Which lines in the listing below contain "exists"? Copy each of them.
═══ DATA SHOWN
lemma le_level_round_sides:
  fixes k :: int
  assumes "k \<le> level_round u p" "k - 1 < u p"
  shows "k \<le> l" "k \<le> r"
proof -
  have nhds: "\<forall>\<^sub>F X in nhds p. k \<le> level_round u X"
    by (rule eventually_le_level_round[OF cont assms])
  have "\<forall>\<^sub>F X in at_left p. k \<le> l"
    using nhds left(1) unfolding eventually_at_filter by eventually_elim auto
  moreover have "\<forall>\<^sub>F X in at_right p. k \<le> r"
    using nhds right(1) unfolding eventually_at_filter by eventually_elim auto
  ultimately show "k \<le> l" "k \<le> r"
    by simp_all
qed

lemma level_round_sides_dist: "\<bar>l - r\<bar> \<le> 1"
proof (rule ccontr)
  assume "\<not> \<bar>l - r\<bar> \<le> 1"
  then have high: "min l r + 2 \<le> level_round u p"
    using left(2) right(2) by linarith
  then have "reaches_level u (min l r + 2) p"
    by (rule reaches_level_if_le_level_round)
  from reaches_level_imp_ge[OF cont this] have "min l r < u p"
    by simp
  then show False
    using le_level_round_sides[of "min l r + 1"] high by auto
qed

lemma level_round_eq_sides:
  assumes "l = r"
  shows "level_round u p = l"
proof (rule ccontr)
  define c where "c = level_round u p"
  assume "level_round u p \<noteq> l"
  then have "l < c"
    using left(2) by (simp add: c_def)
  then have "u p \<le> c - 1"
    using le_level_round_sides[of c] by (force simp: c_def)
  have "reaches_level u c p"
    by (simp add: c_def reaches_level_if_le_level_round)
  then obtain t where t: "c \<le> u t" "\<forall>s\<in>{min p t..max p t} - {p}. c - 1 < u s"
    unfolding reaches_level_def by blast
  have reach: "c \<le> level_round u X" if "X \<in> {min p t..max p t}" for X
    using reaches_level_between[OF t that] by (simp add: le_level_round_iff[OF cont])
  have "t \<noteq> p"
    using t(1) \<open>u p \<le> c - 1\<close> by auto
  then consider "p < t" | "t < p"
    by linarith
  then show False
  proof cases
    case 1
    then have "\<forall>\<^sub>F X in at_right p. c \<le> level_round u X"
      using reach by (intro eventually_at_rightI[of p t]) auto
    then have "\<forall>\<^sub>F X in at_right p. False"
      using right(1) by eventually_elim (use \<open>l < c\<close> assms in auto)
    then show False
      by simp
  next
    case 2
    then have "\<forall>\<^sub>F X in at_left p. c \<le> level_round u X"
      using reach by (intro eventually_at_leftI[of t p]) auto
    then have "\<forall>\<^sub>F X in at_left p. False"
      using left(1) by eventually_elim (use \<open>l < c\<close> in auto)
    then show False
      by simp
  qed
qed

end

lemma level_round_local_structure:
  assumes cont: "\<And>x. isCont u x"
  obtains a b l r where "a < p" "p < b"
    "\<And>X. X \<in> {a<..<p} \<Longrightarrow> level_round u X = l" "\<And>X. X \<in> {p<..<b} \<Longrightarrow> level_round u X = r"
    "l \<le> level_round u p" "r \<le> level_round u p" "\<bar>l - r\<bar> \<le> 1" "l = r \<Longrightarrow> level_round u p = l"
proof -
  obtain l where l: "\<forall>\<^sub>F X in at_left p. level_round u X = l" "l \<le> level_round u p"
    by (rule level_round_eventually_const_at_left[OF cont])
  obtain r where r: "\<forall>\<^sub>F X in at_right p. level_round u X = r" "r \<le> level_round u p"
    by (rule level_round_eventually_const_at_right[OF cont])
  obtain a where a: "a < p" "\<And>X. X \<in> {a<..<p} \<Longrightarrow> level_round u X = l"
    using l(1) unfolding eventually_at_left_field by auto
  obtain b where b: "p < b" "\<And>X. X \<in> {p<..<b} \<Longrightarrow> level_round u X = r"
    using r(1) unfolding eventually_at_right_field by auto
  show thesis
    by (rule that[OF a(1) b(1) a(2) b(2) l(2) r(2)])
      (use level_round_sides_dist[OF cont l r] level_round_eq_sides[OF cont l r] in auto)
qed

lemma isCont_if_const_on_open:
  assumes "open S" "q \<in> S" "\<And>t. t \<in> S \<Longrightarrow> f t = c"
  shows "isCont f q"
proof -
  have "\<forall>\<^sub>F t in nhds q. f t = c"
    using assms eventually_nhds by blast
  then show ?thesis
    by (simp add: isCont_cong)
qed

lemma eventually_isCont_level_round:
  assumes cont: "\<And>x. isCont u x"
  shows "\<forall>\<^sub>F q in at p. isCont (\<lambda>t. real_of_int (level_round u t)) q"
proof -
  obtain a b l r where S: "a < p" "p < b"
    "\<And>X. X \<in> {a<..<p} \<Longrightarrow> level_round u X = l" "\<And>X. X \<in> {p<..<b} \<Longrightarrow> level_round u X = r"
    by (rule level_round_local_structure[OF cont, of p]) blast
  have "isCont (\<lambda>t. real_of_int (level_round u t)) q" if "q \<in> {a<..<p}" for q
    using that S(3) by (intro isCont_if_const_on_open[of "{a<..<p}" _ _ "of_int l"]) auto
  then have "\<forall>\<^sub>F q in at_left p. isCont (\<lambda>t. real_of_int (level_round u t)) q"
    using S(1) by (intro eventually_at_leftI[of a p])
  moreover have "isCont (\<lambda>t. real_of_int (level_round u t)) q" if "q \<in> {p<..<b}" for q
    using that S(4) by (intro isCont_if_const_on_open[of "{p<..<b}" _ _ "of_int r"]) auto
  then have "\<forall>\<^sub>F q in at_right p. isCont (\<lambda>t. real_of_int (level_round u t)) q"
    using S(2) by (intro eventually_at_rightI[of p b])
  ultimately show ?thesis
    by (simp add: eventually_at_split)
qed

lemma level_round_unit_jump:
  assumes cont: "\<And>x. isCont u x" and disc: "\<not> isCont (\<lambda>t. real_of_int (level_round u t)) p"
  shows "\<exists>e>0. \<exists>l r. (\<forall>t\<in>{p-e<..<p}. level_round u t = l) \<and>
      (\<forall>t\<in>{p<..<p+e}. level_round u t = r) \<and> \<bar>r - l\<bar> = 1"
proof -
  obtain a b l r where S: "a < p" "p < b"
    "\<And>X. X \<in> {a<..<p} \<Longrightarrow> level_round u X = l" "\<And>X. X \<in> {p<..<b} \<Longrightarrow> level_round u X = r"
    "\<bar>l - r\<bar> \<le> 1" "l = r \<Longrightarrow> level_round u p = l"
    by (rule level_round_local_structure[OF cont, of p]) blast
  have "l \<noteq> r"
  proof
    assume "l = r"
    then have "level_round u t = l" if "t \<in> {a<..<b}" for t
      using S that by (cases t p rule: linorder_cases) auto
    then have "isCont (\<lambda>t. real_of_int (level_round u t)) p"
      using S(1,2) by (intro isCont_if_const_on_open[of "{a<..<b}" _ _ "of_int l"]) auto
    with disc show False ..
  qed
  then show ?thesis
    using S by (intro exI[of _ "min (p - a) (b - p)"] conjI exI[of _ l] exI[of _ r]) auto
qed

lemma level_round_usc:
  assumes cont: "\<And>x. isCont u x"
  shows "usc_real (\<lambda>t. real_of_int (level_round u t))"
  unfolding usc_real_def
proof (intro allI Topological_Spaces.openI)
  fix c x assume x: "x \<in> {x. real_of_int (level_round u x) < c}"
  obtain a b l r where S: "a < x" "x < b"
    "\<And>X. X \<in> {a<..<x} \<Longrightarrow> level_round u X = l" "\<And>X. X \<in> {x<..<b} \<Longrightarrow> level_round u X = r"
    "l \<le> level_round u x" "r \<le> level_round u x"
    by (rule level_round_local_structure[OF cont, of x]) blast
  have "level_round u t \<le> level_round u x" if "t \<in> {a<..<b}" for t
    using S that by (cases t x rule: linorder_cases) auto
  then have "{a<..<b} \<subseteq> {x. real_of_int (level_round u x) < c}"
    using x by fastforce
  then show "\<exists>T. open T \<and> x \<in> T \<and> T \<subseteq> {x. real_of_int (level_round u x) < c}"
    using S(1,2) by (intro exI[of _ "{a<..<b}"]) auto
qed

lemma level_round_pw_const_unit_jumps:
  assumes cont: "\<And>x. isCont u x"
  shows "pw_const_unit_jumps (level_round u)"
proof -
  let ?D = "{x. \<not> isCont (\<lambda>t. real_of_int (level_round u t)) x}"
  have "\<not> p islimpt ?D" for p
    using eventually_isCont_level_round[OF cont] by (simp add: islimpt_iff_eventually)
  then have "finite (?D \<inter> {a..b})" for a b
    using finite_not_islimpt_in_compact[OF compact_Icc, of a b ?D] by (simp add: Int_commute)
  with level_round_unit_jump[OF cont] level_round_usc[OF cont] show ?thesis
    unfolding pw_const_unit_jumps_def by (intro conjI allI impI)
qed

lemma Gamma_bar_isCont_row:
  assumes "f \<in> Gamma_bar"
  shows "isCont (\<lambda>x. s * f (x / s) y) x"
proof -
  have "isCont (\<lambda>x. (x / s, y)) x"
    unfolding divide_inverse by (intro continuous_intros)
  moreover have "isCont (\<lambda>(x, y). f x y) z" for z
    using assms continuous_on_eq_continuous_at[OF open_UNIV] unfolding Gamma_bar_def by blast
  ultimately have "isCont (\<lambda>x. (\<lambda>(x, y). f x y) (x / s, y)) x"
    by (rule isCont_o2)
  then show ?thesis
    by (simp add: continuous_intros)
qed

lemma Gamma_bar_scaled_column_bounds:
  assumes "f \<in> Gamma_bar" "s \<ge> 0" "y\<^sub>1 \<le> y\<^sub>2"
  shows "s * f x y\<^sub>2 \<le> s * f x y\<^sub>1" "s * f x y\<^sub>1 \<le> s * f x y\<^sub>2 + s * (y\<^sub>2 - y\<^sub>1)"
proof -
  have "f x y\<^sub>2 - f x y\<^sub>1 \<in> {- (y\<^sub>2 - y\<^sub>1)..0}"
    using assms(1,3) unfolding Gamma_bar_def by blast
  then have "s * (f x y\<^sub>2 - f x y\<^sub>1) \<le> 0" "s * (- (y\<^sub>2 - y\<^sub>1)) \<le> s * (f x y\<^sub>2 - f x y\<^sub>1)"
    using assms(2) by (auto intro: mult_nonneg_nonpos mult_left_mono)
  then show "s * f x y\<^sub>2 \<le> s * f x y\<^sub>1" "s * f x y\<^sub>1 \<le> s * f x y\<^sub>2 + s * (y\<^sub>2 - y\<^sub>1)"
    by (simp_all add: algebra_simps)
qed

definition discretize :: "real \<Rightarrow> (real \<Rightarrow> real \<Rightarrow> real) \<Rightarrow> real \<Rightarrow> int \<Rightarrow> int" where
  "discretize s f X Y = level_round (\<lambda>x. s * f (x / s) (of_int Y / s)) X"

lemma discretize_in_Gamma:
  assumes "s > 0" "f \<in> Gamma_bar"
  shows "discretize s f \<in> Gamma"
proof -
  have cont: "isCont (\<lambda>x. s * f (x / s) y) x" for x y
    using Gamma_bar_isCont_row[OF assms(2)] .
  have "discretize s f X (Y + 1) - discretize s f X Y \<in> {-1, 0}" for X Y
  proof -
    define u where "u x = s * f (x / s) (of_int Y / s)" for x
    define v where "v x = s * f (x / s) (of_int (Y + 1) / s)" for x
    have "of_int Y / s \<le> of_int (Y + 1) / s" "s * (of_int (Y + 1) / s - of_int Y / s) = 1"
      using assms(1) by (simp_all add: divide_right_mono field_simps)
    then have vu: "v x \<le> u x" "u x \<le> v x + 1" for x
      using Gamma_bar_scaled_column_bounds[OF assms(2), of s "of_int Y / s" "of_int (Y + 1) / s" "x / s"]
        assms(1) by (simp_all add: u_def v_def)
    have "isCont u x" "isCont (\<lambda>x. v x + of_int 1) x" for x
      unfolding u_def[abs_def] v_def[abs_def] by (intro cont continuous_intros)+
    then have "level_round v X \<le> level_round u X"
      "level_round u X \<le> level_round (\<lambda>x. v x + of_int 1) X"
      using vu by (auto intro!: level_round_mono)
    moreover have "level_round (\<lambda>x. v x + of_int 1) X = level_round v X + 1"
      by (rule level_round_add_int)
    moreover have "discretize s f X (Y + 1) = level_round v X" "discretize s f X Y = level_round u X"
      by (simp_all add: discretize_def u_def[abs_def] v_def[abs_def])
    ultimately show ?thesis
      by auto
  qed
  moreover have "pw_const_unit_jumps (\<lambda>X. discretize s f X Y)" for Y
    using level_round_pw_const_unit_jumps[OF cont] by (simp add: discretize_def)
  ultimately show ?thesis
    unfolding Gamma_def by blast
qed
══════
═══ DATA SHOWN
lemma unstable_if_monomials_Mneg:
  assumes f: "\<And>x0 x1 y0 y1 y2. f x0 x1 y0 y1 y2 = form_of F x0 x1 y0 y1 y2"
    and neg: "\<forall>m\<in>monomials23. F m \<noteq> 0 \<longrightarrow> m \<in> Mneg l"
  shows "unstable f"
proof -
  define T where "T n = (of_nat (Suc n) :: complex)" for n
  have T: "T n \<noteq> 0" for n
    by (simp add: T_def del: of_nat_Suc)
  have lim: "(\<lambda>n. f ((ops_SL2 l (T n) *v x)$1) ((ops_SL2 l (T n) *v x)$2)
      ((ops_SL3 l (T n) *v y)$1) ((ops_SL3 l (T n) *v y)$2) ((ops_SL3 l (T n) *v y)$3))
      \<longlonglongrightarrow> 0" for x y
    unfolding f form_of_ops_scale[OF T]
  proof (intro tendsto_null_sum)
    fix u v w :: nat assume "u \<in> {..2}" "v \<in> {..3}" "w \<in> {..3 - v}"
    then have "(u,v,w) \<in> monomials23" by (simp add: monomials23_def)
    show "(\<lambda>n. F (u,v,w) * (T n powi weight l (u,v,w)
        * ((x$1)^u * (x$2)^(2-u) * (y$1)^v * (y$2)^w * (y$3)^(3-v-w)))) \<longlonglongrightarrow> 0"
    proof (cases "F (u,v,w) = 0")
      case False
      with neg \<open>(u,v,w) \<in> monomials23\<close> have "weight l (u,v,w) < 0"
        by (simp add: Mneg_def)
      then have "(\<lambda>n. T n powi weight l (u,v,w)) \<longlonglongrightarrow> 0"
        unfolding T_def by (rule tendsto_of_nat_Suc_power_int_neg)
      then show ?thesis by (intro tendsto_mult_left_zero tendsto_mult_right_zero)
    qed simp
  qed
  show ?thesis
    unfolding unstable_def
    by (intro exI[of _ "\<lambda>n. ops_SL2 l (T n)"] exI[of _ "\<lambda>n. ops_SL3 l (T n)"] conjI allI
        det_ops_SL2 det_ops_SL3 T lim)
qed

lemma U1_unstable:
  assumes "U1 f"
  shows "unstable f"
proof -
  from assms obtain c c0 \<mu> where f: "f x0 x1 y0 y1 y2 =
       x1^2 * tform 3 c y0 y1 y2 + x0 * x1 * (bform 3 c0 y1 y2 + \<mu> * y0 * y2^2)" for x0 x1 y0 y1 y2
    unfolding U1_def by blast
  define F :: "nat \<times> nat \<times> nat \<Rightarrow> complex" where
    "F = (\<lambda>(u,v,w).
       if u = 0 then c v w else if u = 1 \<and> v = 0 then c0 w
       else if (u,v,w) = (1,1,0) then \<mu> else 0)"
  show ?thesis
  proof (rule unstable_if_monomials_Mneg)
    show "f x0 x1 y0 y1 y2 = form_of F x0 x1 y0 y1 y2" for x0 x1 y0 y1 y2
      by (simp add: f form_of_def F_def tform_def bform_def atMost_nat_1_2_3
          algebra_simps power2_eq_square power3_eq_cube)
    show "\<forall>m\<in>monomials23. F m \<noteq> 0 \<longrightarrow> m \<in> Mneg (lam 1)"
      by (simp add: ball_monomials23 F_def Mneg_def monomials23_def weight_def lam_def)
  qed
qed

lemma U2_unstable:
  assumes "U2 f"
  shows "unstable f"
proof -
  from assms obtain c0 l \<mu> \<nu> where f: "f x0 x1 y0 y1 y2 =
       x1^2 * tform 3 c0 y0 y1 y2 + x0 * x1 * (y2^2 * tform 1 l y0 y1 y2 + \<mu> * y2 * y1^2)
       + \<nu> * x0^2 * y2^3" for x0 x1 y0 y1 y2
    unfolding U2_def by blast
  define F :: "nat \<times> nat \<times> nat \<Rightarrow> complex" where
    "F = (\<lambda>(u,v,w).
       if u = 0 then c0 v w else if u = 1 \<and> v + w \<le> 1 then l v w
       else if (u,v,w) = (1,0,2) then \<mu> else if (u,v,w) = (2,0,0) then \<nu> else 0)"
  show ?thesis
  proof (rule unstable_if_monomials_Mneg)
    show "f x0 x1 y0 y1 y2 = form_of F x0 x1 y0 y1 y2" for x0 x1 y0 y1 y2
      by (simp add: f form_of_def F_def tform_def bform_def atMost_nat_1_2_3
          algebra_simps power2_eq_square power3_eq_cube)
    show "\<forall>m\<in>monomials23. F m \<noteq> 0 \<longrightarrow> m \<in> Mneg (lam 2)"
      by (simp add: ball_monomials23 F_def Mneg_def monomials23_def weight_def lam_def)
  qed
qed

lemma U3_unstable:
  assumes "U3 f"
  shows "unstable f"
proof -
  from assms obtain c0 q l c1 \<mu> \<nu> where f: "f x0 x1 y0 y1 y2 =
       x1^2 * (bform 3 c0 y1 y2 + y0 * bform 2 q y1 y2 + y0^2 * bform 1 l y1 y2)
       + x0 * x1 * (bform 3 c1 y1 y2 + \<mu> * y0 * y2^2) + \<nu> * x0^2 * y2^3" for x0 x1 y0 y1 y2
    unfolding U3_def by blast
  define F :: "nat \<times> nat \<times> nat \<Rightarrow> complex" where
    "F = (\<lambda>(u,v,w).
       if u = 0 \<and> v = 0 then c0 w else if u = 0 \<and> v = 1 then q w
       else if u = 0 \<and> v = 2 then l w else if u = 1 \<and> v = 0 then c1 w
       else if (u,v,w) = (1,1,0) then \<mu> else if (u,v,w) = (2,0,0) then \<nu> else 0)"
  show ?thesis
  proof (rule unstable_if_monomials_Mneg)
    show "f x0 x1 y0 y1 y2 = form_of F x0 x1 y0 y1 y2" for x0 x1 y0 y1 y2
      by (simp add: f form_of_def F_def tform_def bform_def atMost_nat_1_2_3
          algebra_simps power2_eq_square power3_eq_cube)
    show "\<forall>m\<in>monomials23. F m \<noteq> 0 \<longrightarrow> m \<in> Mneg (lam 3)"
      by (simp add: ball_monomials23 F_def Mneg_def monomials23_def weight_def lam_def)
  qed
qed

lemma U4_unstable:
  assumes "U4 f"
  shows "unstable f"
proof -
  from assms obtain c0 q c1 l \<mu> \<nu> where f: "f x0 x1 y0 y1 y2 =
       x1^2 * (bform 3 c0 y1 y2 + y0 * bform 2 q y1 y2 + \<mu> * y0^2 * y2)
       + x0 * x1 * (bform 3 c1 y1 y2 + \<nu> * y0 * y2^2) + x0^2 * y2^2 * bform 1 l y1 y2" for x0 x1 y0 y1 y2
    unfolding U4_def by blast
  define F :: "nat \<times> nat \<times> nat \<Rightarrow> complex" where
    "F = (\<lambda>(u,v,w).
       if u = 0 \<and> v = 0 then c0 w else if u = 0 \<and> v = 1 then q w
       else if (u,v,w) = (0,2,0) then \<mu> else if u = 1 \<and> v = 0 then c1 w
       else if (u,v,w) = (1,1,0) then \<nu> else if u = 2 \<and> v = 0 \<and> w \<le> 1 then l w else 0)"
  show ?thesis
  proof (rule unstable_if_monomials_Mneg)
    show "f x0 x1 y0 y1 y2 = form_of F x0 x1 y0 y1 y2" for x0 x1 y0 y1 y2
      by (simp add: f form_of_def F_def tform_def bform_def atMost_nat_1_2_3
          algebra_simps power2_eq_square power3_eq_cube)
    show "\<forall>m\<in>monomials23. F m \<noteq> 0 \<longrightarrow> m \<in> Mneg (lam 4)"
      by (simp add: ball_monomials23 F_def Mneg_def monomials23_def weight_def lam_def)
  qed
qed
══════
* PROBLEM SOLUTION:
  shows "\<exists>e>0. \<exists>l r. (\<forall>t\<in>{p-e<..<p}. level_round u t = l) \<and>
  then show "\<exists>T. open T \<and> x \<in> T \<and> T \<subseteq> {x. real_of_int (level_round u x) < c}"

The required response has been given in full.